HONEY GINGER CHICKEN SALAD
1 cup of shredded cooked chicken
1/4 cup of thinly sliced carrot
1/4 cup of thinly sliced celery
2 tablespoons of homemade mayonnaise or Primal Kitchen's Mayonnaise
2 tablespoons of finely chopped red onion
1 tablespoon of slivered almonds
2 teaspoons of coconut aminos* (you can add more based on taste)
1/2 teaspoon of raw honey
1/8 teaspoon of ground ginger
1/8 teaspoon of garlic powder
1/2 chopped avocado
Using a spoon, mix all of the ingredients together in a medium bowl. Divide the salad into two equal portions and store in the refrigerator for up to 5 days.
*Coconut aminos can make the salad a bit soggy if you use too much.

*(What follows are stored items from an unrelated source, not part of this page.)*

definition lin_subspace :: "('a \<Rightarrow> 'k::real_normed_field) set \<Rightarrow> bool" where
  "lin_subspace S \<longleftrightarrow> 0 \<in> S \<and> (\<forall>f\<in>S. \<forall>g\<in>S. f + g \<in> S) \<and> (\<forall>c. \<forall>f\<in>S. fscale c f \<in> S)"

definition lin_on :: "('k \<Rightarrow> 'v \<Rightarrow> 'v) \<Rightarrow> ('k \<Rightarrow> 'w \<Rightarrow> 'w) \<Rightarrow> 'v::plus set \<Rightarrow> ('v \<Rightarrow> 'w::plus) \<Rightarrow> bool" where
  "lin_on sc1 sc2 V \<phi> \<longleftrightarrow> (\<forall>x\<in>V. \<forall>y\<in>V. \<phi> (x + y) = \<phi> x + \<phi> y) \<and> (\<forall>c. \<forall>x\<in>V. \<phi> (sc1 c x) = sc2 c (\<phi> x))"

definition cont_lin_sn :: "'i set \<Rightarrow> ('i \<Rightarrow> 'v \<Rightarrow> real) \<Rightarrow> ('l \<Rightarrow> 'w \<Rightarrow> real) \<Rightarrow> 'v set \<Rightarrow> ('v \<Rightarrow> 'w) \<Rightarrow> bool" where
  "cont_lin_sn Idx P Q V \<phi> \<longleftrightarrow>
     (\<forall>l. \<exists>I C. finite I \<and> I \<subseteq> Idx \<and> (\<forall>v\<in>V. Q l (\<phi> v) \<le> C * (\<Sum>i\<in>I. P i v)))"

definition sn_topology :: "'v set \<Rightarrow> ('i \<Rightarrow> 'v::ab_group_add \<Rightarrow> real) \<Rightarrow> 'v topology" where
  "sn_topology V P = topology (\<lambda>U. U \<subseteq> V \<and>
     (\<forall>v\<in>U. \<exists>I \<epsilon>. finite I \<and> \<epsilon> > 0 \<and> {w\<in>V. \<forall>i\<in>I. P i (w - v) < \<epsilon>} \<subseteq> U))"

definition is_seminorm :: "('k::real_normed_field \<Rightarrow> 'e \<Rightarrow> 'e) \<Rightarrow> ('e::ab_group_add \<Rightarrow> real) \<Rightarrow> bool" where
  "is_seminorm sc p \<longleftrightarrow> (\<forall>x y. p (x + y) \<le> p x + p y) \<and> (\<forall>c x. p (sc c x) = norm c * p x)"

definition lc_hausdorff :: "('k::real_normed_field \<Rightarrow> 'e \<Rightarrow> 'e) \<Rightarrow> ('l \<Rightarrow> 'e::ab_group_add \<Rightarrow> real) \<Rightarrow> bool" where
  "lc_hausdorff sc q \<longleftrightarrow> vector_space sc \<and> (\<forall>l. is_seminorm sc (q l)) \<and> (\<forall>e. (\<forall>l. q l e = 0) \<longrightarrow> e = 0)"

definition directed_sn :: "'v set \<Rightarrow> ('i \<Rightarrow> 'v \<Rightarrow> real) \<Rightarrow> bool" where
  "directed_sn V P \<longleftrightarrow> (\<forall>i1 i2. \<exists>i3 C. \<forall>v\<in>V. max (P i1 v) (P i2 v) \<le> C * P i3 v)"

text \<open>Topological dual (functionals are represented extensionally: zero outside V).\<close>
definition dual_sp :: "('k::real_normed_field \<Rightarrow> 'v \<Rightarrow> 'v) \<Rightarrow> 'v::ab_group_add set \<Rightarrow> ('i \<Rightarrow> 'v \<Rightarrow> real) \<Rightarrow> ('v \<Rightarrow> 'k) set" where
  "dual_sp sc V P = {\<phi>. (\<forall>v. v \<notin> V \<longrightarrow> \<phi> v = 0) \<and> lin_on sc (*) V \<phi> \<and> cont_lin_sn UNIV P (\<lambda>_::unit. norm) V \<phi>}"

definition abs_convex :: "('k::real_normed_field \<Rightarrow> 'v \<Rightarrow> 'v) \<Rightarrow> 'v::plus set \<Rightarrow> bool" where
  "abs_convex sc K \<longleftrightarrow> (\<forall>x\<in>K. \<forall>y\<in>K. \<forall>a b. norm a + norm b \<le> 1 \<longrightarrow> sc a x + sc b y \<in> K)"

definition acx_compacts :: "('k::real_normed_field \<Rightarrow> 'v \<Rightarrow> 'v) \<Rightarrow> 'v::ab_group_add set \<Rightarrow> ('i \<Rightarrow> 'v \<Rightarrow> real) \<Rightarrow> 'v set set" where
  "acx_compacts sc V P = {K. K \<noteq> {} \<and> K \<subseteq> V \<and> abs_convex sc K \<and> compactin (sn_topology V P) K}"

definition dual_sn :: "'v set \<Rightarrow> ('v \<Rightarrow> 'k::real_normed_field) \<Rightarrow> real" where
  "dual_sn K \<phi> = (SUP v\<in>K. norm (\<phi> v))"

text \<open>The epsilon-product (as a set): continuous linear maps from the dual
  (with the topology of uniform convergence on absolutely convex compact sets) to E.\<close>
definition eps_prod :: "('k::real_normed_field \<Rightarrow> 'v \<Rightarrow> 'v) \<Rightarrow> 'v::ab_group_add set \<Rightarrow> ('i \<Rightarrow> 'v \<Rightarrow> real)
     \<Rightarrow> ('k \<Rightarrow> 'e \<Rightarrow> 'e) \<Rightarrow> ('l \<Rightarrow> 'e::ab_group_add \<Rightarrow> real) \<Rightarrow> (('v \<Rightarrow> 'k) \<Rightarrow> 'e) set" where
  "eps_prod sc V P scE qE = {u. lin_on fscale scE (dual_sp sc V P) u \<and>
      cont_lin_sn (acx_compacts sc V P) dual_sn qE (dual_sp sc V P) u}"

definition barrelled :: "('k::real_normed_field \<Rightarrow> 'v \<Rightarrow> 'v) \<Rightarrow> 'v::ab_group_add set \<Rightarrow> ('i \<Rightarrow> 'v \<Rightarrow> real) \<Rightarrow> bool" where
  "barrelled sc V P \<longleftrightarrow> (\<forall>B. B \<subseteq> V \<and> closedin (sn_topology V P) B \<and> abs_convex sc B \<and>
       (\<forall>v\<in>V. \<exists>r>0. \<forall>c. norm c \<le> r \<longrightarrow> sc c v \<in> B)
     \<longrightarrow> (\<exists>U. openin (sn_topology V P) U \<and> 0 \<in> U \<and> U \<subseteq> B))"

definition has_pd :: "('k::real_normed_field \<Rightarrow> 'e \<Rightarrow> 'e) \<Rightarrow> ('l \<Rightarrow> 'e::ab_group_add \<Rightarrow> real) \<Rightarrow> 'n::finite
     \<Rightarrow> (real^'n \<Rightarrow> 'e) \<Rightarrow> real^'n \<Rightarrow> 'e \<Rightarrow> bool" where
  "has_pd sc q n f x v \<longleftrightarrow> (\<forall>l \<epsilon>. \<epsilon> > 0 \<longrightarrow> (\<exists>\<delta>>0. \<forall>h::real. h \<noteq> 0 \<and> \<bar>h\<bar> < \<delta> \<longrightarrow>
       q l (sc (of_real (inverse h)) (f (x + h *\<^sub>R axis n 1) - f x) - v) < \<epsilon>))"

definition pd :: "('k::real_normed_field \<Rightarrow> 'e \<Rightarrow> 'e) \<Rightarrow> ('l \<Rightarrow> 'e::ab_group_add \<Rightarrow> real) \<Rightarrow> 'n::finite
     \<Rightarrow> (real^'n \<Rightarrow> 'e) \<Rightarrow> real^'n \<Rightarrow> 'e" where
  "pd sc q n f = (\<lambda>x. THE v. has_pd sc q n f x v)"

definition pd_multi :: "('k::real_normed_field \<Rightarrow> 'e \<Rightarrow> 'e) \<Rightarrow> ('l \<Rightarrow> 'e::ab_group_add \<Rightarrow> real) \<Rightarrow> ('n::{finite,linorder} \<Rightarrow> nat)
     \<Rightarrow> ((real,'n) vec \<Rightarrow> 'e) \<Rightarrow> (real,'n) vec \<Rightarrow> 'e" where
  "pd_multi sc q \<beta> f = foldr (\<lambda>n g. (pd sc q n ^^ \<beta> n) g) (sorted_list_of_set UNIV) f"

definition cont_on_sn :: "('l \<Rightarrow> 'e::ab_group_add \<Rightarrow> real) \<Rightarrow> (real^'n::finite) set \<Rightarrow> (real^'n \<Rightarrow> 'e) \<Rightarrow> bool" where
  "cont_on_sn q \<Omega> f \<longleftrightarrow> (\<forall>x\<in>\<Omega>. \<forall>l \<epsilon>. \<epsilon> > 0 \<longrightarrow> (\<exists>\<delta>>0. \<forall>y\<in>\<Omega>. dist y x < \<delta> \<longrightarrow> q l (f y - f x) < \<epsilon>))"

definition C1_sn :: "('k::real_normed_field \<Rightarrow> 'e \<Rightarrow> 'e) \<Rightarrow> ('l \<Rightarrow> 'e::ab_group_add \<Rightarrow> real) \<Rightarrow> (real^'n::finite) set
     \<Rightarrow> (real^'n \<Rightarrow> 'e) \<Rightarrow> bool" where
  "C1_sn sc q \<Omega> f \<longleftrightarrow> (\<forall>n. \<forall>x\<in>\<Omega>. \<exists>v. has_pd sc q n f x v) \<and> (\<forall>n. cont_on_sn q \<Omega> (pd sc q n f))"

fun Ck_sn :: "('k::real_normed_field \<Rightarrow> 'e \<Rightarrow> 'e) \<Rightarrow> ('l \<Rightarrow> 'e::ab_group_add \<Rightarrow> real) \<Rightarrow> (real^'n::finite) set
     \<Rightarrow> nat \<Rightarrow> (real^'n \<Rightarrow> 'e) \<Rightarrow> bool" where
  "Ck_sn sc q \<Omega> 0 f = cont_on_sn q \<Omega> f"
| "Ck_sn sc q \<Omega> (Suc k) f = (C1_sn sc q \<Omega> f \<and> (\<forall>n. Ck_sn sc q \<Omega> k (pd sc q n f)))"

definition Ck_enat :: "('k::real_normed_field \<Rightarrow> 'e \<Rightarrow> 'e) \<Rightarrow> ('l \<Rightarrow> 'e::ab_group_add \<Rightarrow> real) \<Rightarrow> (real^'n::finite) set
     \<Rightarrow> enat \<Rightarrow> (real^'n \<Rightarrow> 'e) \<Rightarrow> bool" where
  "Ck_enat sc q \<Omega> k f = (case k of enat m \<Rightarrow> Ck_sn sc q \<Omega> m f | \<infinity> \<Rightarrow> (\<forall>m. Ck_sn sc q \<Omega> m f))"

definition FV_set :: "(real^'n::finite \<Rightarrow> 'k::real_normed_field) set \<Rightarrow> ('m \<Rightarrow> (real^'n \<Rightarrow> 'k) set)
     \<Rightarrow> ('m \<Rightarrow> (real^'n \<Rightarrow> 'k) \<Rightarrow> 'w \<Rightarrow> 'k) \<Rightarrow> ('m \<Rightarrow> 'w set) \<Rightarrow> ('j \<Rightarrow> 'm \<Rightarrow> 'w \<Rightarrow> real)
     \<Rightarrow> (real^'n \<Rightarrow> 'k) set" where
  "FV_set AP D T \<omega> \<nu> = {f. f \<in> AP \<and> (\<forall>m. f \<in> D m) \<and>
      (\<forall>j m. bdd_above ((\<lambda>x. norm (T m f x) * \<nu> j m x) ` \<omega> m))}"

When you are ready to eat the salad, add more aminos at that time for added taste.
1 large cage-free egg (at room temperature)
1 cup of avocado oil
1/4 teaspoon of dried ground mustard
1/4 teaspoon of red wine vinegar
1/4 teaspoon of fine sea salt
Combine all ingredients into a blender and mix until all oil has been blended. Store the mayonnaise in a refrigerator for up to six days. Do not keep mayonnaise any longer than a week due to the presence of the raw egg.